### WHAT IS REQUIRED:
Look through the data below and show every line that includes "assumes".

Dataset entries
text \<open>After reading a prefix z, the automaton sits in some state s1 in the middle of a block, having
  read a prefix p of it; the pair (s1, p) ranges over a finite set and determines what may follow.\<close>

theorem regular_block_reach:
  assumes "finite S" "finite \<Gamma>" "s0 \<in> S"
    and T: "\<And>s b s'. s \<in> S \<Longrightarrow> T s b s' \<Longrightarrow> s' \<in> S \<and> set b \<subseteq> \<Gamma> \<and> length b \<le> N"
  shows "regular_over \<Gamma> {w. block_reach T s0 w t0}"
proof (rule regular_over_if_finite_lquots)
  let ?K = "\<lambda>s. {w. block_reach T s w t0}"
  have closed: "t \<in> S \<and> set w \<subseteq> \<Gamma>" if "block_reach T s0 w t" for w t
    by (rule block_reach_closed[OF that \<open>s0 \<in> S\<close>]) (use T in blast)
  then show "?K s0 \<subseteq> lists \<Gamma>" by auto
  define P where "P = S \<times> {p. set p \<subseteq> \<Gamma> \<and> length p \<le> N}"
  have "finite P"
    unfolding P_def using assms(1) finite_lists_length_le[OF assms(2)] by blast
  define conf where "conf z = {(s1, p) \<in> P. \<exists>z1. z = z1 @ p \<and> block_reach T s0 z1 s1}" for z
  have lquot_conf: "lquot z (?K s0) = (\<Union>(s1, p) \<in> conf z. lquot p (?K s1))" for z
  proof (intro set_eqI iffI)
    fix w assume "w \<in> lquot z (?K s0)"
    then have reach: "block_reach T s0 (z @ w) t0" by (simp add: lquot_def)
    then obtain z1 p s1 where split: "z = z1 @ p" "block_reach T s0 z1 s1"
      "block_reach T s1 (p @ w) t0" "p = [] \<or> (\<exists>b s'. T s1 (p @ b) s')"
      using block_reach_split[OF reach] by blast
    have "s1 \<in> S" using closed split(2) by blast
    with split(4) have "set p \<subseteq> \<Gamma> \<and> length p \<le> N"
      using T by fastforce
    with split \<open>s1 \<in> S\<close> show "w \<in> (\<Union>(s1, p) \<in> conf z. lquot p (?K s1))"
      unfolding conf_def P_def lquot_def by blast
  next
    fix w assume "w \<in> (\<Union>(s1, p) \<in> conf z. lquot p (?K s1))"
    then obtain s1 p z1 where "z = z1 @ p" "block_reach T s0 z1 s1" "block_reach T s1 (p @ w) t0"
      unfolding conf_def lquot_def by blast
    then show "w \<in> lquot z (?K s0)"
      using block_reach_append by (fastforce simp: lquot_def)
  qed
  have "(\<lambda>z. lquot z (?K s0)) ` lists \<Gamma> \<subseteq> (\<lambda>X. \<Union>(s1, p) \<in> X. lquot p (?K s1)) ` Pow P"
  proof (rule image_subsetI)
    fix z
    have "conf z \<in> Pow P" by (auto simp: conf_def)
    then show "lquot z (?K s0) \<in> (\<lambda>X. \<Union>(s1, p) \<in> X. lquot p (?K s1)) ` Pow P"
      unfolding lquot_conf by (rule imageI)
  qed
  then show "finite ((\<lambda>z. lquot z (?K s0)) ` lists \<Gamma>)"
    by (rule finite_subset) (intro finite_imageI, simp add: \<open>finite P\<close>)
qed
--
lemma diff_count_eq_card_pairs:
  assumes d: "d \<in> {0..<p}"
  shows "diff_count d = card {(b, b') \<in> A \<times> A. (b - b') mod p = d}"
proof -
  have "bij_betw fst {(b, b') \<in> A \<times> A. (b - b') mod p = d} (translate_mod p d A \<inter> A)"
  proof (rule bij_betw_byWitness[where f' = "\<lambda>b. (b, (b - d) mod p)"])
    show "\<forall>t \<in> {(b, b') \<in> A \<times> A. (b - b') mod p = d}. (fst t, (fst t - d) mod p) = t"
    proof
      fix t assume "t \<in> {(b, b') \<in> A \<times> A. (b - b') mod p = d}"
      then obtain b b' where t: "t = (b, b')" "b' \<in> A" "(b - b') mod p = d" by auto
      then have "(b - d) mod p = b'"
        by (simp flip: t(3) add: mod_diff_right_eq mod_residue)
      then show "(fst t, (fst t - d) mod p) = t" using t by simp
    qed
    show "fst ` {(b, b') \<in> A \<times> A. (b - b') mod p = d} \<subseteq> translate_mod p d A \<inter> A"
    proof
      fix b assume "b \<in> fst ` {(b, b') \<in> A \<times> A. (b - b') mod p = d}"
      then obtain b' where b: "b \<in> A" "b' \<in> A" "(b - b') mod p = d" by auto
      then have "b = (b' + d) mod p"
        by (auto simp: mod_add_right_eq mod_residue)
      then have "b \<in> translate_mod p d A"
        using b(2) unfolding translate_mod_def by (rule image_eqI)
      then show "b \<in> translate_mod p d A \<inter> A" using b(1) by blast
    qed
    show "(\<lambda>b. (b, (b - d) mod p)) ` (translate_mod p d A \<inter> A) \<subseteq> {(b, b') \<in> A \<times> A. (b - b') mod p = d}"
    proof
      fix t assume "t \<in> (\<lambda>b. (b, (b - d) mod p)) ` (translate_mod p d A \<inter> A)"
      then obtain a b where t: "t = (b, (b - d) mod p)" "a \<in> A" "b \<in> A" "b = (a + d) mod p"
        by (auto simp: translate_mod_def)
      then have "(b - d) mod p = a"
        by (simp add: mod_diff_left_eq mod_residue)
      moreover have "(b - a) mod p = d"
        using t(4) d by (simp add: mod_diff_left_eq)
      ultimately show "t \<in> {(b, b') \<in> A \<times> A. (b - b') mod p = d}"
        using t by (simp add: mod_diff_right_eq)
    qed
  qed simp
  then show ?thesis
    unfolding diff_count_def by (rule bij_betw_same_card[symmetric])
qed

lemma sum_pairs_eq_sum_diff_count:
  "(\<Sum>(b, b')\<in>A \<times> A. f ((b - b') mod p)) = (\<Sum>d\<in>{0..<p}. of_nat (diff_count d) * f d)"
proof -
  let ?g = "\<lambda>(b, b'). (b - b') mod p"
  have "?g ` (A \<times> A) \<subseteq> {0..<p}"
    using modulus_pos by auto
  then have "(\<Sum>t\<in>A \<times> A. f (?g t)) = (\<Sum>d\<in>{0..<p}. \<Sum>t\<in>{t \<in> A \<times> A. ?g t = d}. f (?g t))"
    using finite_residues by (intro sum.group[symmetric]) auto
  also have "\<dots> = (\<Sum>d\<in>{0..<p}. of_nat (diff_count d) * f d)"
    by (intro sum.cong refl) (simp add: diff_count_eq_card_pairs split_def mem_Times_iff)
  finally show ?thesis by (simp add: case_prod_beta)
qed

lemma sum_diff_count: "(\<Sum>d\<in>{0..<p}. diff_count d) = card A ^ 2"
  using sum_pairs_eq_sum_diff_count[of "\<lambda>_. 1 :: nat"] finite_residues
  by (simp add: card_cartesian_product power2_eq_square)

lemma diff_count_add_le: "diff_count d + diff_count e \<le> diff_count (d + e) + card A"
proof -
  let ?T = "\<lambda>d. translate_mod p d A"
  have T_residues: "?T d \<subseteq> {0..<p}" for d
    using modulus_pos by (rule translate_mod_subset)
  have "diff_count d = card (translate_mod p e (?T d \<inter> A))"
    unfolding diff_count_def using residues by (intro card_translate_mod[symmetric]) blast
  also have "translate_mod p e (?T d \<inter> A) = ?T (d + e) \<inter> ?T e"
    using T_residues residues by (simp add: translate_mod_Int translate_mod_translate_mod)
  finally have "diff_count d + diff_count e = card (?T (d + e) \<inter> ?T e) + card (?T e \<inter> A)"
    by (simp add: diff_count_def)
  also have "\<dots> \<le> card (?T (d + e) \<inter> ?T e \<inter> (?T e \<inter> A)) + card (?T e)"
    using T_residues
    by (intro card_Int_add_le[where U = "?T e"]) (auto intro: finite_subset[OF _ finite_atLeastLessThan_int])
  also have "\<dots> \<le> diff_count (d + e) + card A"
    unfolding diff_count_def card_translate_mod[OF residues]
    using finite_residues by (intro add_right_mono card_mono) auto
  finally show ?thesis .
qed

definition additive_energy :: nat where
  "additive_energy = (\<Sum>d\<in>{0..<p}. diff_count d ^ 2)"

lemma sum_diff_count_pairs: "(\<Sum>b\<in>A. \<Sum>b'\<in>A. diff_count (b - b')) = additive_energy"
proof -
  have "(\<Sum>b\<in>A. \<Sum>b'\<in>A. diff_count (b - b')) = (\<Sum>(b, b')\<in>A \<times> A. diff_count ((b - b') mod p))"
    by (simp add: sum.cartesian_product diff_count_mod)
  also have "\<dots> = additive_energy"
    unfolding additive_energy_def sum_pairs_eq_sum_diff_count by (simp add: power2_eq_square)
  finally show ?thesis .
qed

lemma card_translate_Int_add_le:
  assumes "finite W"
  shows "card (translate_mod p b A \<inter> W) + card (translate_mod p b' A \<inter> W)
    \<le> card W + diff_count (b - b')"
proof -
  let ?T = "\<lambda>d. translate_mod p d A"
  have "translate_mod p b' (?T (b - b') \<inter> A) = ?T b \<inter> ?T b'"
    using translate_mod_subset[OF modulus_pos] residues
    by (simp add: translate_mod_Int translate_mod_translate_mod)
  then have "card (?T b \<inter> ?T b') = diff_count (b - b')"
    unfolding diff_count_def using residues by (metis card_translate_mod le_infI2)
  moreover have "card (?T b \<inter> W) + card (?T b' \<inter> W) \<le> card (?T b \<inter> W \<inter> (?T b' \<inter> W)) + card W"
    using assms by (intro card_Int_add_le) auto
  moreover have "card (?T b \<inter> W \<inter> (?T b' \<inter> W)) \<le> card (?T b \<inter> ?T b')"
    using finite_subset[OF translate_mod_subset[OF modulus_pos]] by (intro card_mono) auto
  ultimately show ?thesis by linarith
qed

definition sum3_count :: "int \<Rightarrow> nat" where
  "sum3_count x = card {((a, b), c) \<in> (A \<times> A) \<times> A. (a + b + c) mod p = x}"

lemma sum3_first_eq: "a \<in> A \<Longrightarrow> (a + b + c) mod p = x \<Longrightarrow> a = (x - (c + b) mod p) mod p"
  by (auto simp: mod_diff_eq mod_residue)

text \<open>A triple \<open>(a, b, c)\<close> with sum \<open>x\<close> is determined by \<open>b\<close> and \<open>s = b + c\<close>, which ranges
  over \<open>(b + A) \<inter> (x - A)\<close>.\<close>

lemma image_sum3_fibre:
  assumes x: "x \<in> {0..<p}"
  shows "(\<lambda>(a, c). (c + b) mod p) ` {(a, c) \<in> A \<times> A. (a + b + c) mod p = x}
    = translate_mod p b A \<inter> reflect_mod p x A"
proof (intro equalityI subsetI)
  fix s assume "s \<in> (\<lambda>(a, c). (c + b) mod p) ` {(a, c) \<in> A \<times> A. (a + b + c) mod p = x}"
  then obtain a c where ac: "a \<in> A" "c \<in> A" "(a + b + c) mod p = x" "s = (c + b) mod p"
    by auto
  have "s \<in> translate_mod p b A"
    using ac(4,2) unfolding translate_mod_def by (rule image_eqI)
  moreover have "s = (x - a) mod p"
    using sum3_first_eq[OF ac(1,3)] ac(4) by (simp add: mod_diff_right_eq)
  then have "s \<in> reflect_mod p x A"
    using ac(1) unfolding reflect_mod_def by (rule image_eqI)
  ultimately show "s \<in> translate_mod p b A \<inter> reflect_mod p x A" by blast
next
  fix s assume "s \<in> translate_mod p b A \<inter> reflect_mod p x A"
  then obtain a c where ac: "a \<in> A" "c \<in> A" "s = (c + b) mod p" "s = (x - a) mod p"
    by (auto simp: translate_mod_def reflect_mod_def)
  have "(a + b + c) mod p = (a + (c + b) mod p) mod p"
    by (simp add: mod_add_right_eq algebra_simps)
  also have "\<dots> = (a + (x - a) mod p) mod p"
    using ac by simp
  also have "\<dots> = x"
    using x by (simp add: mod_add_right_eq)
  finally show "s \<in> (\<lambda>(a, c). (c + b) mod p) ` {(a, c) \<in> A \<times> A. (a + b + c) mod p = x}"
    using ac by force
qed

### RESULT:
  assumes "finite S" "finite \<Gamma>" "s0 \<in> S"
  assumes d: "d \<in> {0..<p}"
  assumes "finite W"
  assumes x: "x \<in> {0..<p}"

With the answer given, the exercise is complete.